Exercise ▸
From the records below, transcribe exactly the lines that begin at the line with "using assms(1) by (simp add: linear_sum" and end at the line with "coeff (\<gamma> - \<alpha>i)", both included.

[[ Task inputs open ]]

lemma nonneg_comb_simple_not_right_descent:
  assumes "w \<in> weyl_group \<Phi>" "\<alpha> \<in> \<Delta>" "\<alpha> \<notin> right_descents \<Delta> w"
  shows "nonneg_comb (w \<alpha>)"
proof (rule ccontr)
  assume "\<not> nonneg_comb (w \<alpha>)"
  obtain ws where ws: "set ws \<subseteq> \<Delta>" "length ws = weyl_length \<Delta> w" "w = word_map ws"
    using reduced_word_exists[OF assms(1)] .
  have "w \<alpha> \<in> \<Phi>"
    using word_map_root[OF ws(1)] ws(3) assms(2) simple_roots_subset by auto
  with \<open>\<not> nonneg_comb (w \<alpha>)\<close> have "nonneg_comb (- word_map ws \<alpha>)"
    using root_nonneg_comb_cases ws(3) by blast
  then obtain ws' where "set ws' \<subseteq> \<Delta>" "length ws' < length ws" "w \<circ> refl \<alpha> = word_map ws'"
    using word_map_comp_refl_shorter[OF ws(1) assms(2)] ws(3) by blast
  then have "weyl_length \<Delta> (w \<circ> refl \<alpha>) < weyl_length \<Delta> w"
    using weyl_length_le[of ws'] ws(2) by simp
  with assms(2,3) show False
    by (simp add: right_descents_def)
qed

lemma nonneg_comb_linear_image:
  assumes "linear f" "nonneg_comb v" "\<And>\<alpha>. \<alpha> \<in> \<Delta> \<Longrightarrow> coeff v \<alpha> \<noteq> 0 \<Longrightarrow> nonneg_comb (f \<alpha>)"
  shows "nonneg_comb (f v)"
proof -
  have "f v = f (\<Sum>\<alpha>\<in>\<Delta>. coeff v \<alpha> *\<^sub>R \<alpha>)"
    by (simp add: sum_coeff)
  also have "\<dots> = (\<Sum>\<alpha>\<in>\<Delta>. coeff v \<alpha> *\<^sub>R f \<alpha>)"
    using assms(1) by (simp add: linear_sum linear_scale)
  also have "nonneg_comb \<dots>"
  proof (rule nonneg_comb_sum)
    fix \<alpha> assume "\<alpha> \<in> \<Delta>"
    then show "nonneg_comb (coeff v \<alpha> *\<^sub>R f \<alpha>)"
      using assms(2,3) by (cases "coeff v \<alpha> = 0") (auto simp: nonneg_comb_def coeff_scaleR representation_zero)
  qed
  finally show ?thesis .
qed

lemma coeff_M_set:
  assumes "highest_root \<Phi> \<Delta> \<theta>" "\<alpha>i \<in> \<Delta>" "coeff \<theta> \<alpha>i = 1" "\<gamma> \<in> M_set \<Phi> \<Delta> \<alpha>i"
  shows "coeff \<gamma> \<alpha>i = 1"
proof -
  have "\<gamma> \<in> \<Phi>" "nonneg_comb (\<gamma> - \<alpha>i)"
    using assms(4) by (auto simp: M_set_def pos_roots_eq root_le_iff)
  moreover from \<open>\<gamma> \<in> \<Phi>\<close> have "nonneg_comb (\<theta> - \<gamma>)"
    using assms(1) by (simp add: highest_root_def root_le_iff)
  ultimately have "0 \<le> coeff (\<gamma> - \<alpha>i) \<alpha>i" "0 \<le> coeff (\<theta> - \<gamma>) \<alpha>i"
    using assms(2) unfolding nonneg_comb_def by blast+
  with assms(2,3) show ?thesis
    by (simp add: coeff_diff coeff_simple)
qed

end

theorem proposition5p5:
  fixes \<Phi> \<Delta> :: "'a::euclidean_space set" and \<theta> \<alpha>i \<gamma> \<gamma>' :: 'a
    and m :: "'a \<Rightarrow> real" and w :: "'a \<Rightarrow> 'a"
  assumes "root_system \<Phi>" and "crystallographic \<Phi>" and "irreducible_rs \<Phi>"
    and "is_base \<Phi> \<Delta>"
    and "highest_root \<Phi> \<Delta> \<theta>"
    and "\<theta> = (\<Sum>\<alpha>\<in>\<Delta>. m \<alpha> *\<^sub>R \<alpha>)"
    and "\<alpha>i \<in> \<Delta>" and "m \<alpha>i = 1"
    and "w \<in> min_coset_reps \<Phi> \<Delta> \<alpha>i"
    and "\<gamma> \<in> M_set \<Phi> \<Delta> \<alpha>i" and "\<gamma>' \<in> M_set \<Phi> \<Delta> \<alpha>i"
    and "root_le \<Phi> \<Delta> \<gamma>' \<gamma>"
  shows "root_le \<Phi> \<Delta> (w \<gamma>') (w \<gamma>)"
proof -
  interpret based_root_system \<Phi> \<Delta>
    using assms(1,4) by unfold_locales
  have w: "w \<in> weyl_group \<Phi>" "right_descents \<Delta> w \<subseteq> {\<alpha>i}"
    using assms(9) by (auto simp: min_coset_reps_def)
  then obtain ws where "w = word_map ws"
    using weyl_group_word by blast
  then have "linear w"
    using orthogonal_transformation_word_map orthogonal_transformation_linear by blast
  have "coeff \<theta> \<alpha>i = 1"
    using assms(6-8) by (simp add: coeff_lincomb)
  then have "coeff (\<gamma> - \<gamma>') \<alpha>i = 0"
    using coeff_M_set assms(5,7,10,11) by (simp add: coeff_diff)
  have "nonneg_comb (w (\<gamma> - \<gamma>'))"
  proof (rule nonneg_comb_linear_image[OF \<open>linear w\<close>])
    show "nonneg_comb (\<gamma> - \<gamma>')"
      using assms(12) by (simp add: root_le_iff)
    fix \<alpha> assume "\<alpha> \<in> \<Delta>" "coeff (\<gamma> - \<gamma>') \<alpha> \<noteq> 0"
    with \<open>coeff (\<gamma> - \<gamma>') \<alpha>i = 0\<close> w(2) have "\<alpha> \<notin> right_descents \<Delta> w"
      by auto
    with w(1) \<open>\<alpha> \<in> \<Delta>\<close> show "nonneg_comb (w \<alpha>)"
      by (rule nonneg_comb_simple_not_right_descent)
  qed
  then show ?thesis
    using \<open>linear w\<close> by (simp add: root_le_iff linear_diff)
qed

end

[[ Task inputs closed ]]

Your response ▸
    using assms(1) by (simp add: linear_sum linear_scale)
  also have "nonneg_comb \<dots>"
  proof (rule nonneg_comb_sum)
    fix \<alpha> assume "\<alpha> \<in> \<Delta>"
    then show "nonneg_comb (coeff v \<alpha> *\<^sub>R f \<alpha>)"
      using assms(2,3) by (cases "coeff v \<alpha> = 0") (auto simp: nonneg_comb_def coeff_scaleR representation_zero)
  qed
  finally show ?thesis .
qed

lemma coeff_M_set:
  assumes "highest_root \<Phi> \<Delta> \<theta>" "\<alpha>i \<in> \<Delta>" "coeff \<theta> \<alpha>i = 1" "\<gamma> \<in> M_set \<Phi> \<Delta> \<alpha>i"
  shows "coeff \<gamma> \<alpha>i = 1"
proof -
  have "\<gamma> \<in> \<Phi>" "nonneg_comb (\<gamma> - \<alpha>i)"
    using assms(4) by (auto simp: M_set_def pos_roots_eq root_le_iff)
  moreover from \<open>\<gamma> \<in> \<Phi>\<close> have "nonneg_comb (\<theta> - \<gamma>)"
    using assms(1) by (simp add: highest_root_def root_le_iff)
  ultimately have "0 \<le> coeff (\<gamma> - \<alpha>i) \<alpha>i" "0 \<le> coeff (\<theta> - \<gamma>) \<alpha>i"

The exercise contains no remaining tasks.